Depuis la fin de l’expérience communiste, l’Europe de l’Est n’a cessé de se chercher de nouveaux repères, notamment en direction de son passé. Ainsi, le cinéma, terrain le plus approprié aux symboliques fortes, a naturellement accouché ces dernières années de films aussi emphatiques et rassembleurs que Le Barbier de Sibérie ou Pan Tadeusz. La Fille du capitaine poursuit ce désir de ressourcement dont la portée politique éclipse totalement les éventuels mérites artistiques. Ici, il n’y aura d’ailleurs pas à chercher bien loin de ce côté-là car elles sont plutôt inexistantes.

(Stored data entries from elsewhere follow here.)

lemma dt_paths_wf:
  assumes "dt_wf n U T" "(D, a, b) \<in> set (dt_paths T)"
  shows "D \<subseteq> {1..n} \<and> D \<inter> U = {} \<and> (\<forall>i\<in>D. a i = 1 \<or> a i = -1) \<and> (b = 1 \<or> b = -1)"
  using assms
proof (induction T arbitrary: U D a b)
  case (Leaf x)
  then show ?case by auto
next
  case (Node i t1 t2)
  then have "dt_wf n (insert i U) t1" "dt_wf n (insert i U) t2" "i \<in> {1..n}" "i \<notin> U" by auto
  with Node.IH Node.prems(2) show ?case by (fastforce simp: extend_path_def)
qed

lemma dt_paths_Node_fresh:
  assumes "dt_wf n U (Node i t1 t2)"
  shows "\<forall>(D, a, b)\<in>set (dt_paths t1). finite D \<and> i \<notin> D"
    and "\<forall>(D, a, b)\<in>set (dt_paths t2). finite D \<and> i \<notin> D"
proof -
  have fresh: "finite D \<and> i \<notin> D" if "dt_wf n (insert i U) t" "(D, a, b) \<in> set (dt_paths t)" for t D a b
  proof -
    from dt_paths_wf[OF that] have "D \<subseteq> {1..n}" "D \<inter> insert i U = {}" by auto
    then show ?thesis using finite_subset[OF _ finite_atLeastAtMost] by blast
  qed
  have "dt_wf n (insert i U) t1" "dt_wf n (insert i U) t2" using assms by auto
  then show "\<forall>(D, a, b)\<in>set (dt_paths t1). finite D \<and> i \<notin> D"
    and "\<forall>(D, a, b)\<in>set (dt_paths t2). finite D \<and> i \<notin> D"
    using fresh by auto
qed

lemma sum_list_extend_paths:
  fixes q :: "nat \<Rightarrow> real \<Rightarrow> real" and w :: "real \<Rightarrow> real"
  assumes "\<forall>(D, a, b)\<in>set ps. finite D \<and> i \<notin> D"
  shows "(\<Sum>(D, a, b)\<leftarrow>map (extend_path i t) ps. w b * (\<Prod>j\<in>D. q j (a j)))
       = q i t * (\<Sum>(D, a, b)\<leftarrow>ps. w b * (\<Prod>j\<in>D. q j (a j)))"
proof -
  have upd: "(\<Prod>j\<in>D. q j (if j = i then t else a j)) = (\<Prod>j\<in>D. q j (a j))" if "i \<notin> D" for D a
    using that by (intro prod.cong) auto
  from assms show ?thesis
    by (induction ps) (auto simp: extend_path_def upd algebra_simps)
qed

lemma filter_card_extend_paths:
  assumes "\<forall>(D, a, b)\<in>set ps. finite D \<and> i \<notin> D"
  shows "filter (\<lambda>p. card (fst p) \<le> Suc k) (map (extend_path i t) ps)
       = map (extend_path i t) (filter (\<lambda>p. card (fst p) \<le> k) ps)"
  using assms by (induction ps) (auto simp: extend_path_def)

lemma sum_dt_paths_subcube_ind:
  assumes "dt_wf n U T" "\<forall>i\<in>{1..n}. x i = 1 \<or> x i = -1"
  shows "(\<Sum>(D, a, b)\<leftarrow>dt_paths T. w b * subcube_ind D a x) = w (dt_eval T x)"
  using assms(1)
proof (induction T arbitrary: U)
  case (Leaf b)
  then show ?case by (simp add: subcube_ind_def)
next
  case (Node i t1 t2)
  have wf: "dt_wf n (insert i U) t1" "dt_wf n (insert i U) t2" and "i \<in> {1..n}"
    using Node.prems by auto
  note fresh = dt_paths_Node_fresh[OF Node.prems]
  have "(\<Sum>(D, a, b)\<leftarrow>dt_paths (Node i t1 t2). w b * subcube_ind D a x) =
      (1 + 1 * x i) / 2 * (\<Sum>(D, a, b)\<leftarrow>dt_paths t1. w b * subcube_ind D a x) +
      (1 + -1 * x i) / 2 * (\<Sum>(D, a, b)\<leftarrow>dt_paths t2. w b * subcube_ind D a x)"
    unfolding dt_paths.simps map_append sum_list_append subcube_ind_def
      sum_list_extend_paths[OF fresh(1), where q = "\<lambda>j t. (1 + t * x j) / 2"]
      sum_list_extend_paths[OF fresh(2), where q = "\<lambda>j t. (1 + t * x j) / 2"] ..
  also have "\<dots> = w (dt_eval (Node i t1 t2) x)"
    using assms(2) \<open>i \<in> {1..n}\<close> Node.IH(1)[OF wf(1)] Node.IH(2)[OF wf(2)] by auto
  finally show ?case .
qed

Ca a l’air comme ça d’un gentil film épique et romantique, avec caution littéraire à la clé (il s’agit de l’adaptation de deux œuvres de Pouchkine) ; l’histoire, sur fond de guerre civile, d’une rivalité amoureuse entre deux lieutenants dans la Russie tsariste de la fin du XVIIIe siècle ; mais c’est en réalité un objet plutôt nauséabond dans le contexte de la Russie contemporaine. Le rapprochement entre le soulèvement des cosaques Yaïk, toile de fond du film, et celui des Tchétchènes pourra sembler facile, mais tellement évident quand on se rappelle par ailleurs que nombre de cinéastes russes s’étaient ralliés en avril dernier à la croisade nationaliste du fort peu sympathique Vladimir Poutine.

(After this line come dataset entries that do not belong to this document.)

lemma cdim_span_UN_image_ordLess:
  assumes lin: "\<And>f. f \<in> F \<Longrightarrow> Vector_Spaces.linear scale scale f" and F: "finite F"
    and W: "subspace W" and infdim: "\<not> fin_dim scale UNIV"
    and less: "cdim scale W <o cdim scale UNIV"
  shows "cdim scale (span (\<Union>f\<in>F. f ` W)) <o cdim scale UNIV"
proof -
  obtain BW where BW: "is_basis_of scale BW W" "cdim scale W = |BW|"
    using cdim_basis[OF W] .
  obtain BU where BU: "is_basis_of scale BU (span (\<Union>f\<in>F. f ` W))"
    "cdim scale (span (\<Union>f\<in>F. f ` W)) = |BU|"
    using cdim_basis[OF subspace_span] .
  obtain BV where BV: "is_basis_of scale BV UNIV" "cdim scale UNIV = |BV|"
    using cdim_basis[OF subspace_UNIV] .
  define S where "S = (\<Union>f\<in>F. f ` BW)"
  have BU_S: "independent BU" "span BU = span S"
    using BU(1) BW(1) span_UN_image_span[OF lin, where B = BW] unfolding is_basis_of_def S_def
    by (simp_all add: span_span)
  have infBV: "infinite BV"
    using BV infdim unfolding is_basis_of_def fin_dim_def by blast
  have "|BU| <o |BV|"
  proof (cases "finite S")
    case True
    then have "finite BU"
      using independent_span_bound[OF True BU_S(1)] BU_S(2) span_superset by blast
    then show ?thesis
      using infBV by (rule finite_card_of_ordLess_infinite)
  next
    case False
    have infBW: "infinite BW"
    proof
      assume "finite BW"
      with F False show False
        by (simp add: S_def)
    qed
    have "|S| \<le>o |BW|"
      unfolding S_def
    proof (rule card_of_UNION_ordLeq_infinite[OF infBW])
      show "|F| \<le>o |BW|"
        using F infBW by (blast intro: ordLess_imp_ordLeq finite_card_of_ordLess_infinite)
      show "\<forall>f\<in>F. |f ` BW| \<le>o |BW|"
        using card_of_image by blast
    qed
    then have "|BU| \<le>o |BW|"
      using independent_card_of_ordLeq_spanning[OF BU_S False] ordLeq_transitive by blast
    then show ?thesis
      using ordLeq_ordLess_trans less BW(2) BV(2) by simp
  qed
  then show ?thesis
    using BU(2) BV(2) by simp
qed

end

De là à dire qu’il s’agit d’un film fascisant, il n’y a qu’un pas… que le réalisateur s’empresse de franchir dans sa note d’intention, dont voici un extrait : « Je pense que le jeune Griniov (l’un des personnages du film, ndlr) est un héros de notre temps et une figure emblématique des jours sombres que nous traversons, car il reste fidèle à son amour tout au long d’un massacre fratricide, et obéit sans fléchir aux commandements de l’honneur et de la conscience. Or, notre époque attache aussi peu de prix aux valeurs morales que celle de Catherine II (…). Des jeunes gens comme Griniov sont le ferment d’une résurrection morale qui portera ses fruits au siècle suivant (…). » Soyons désinvoltes, n’ayons l’air de rien.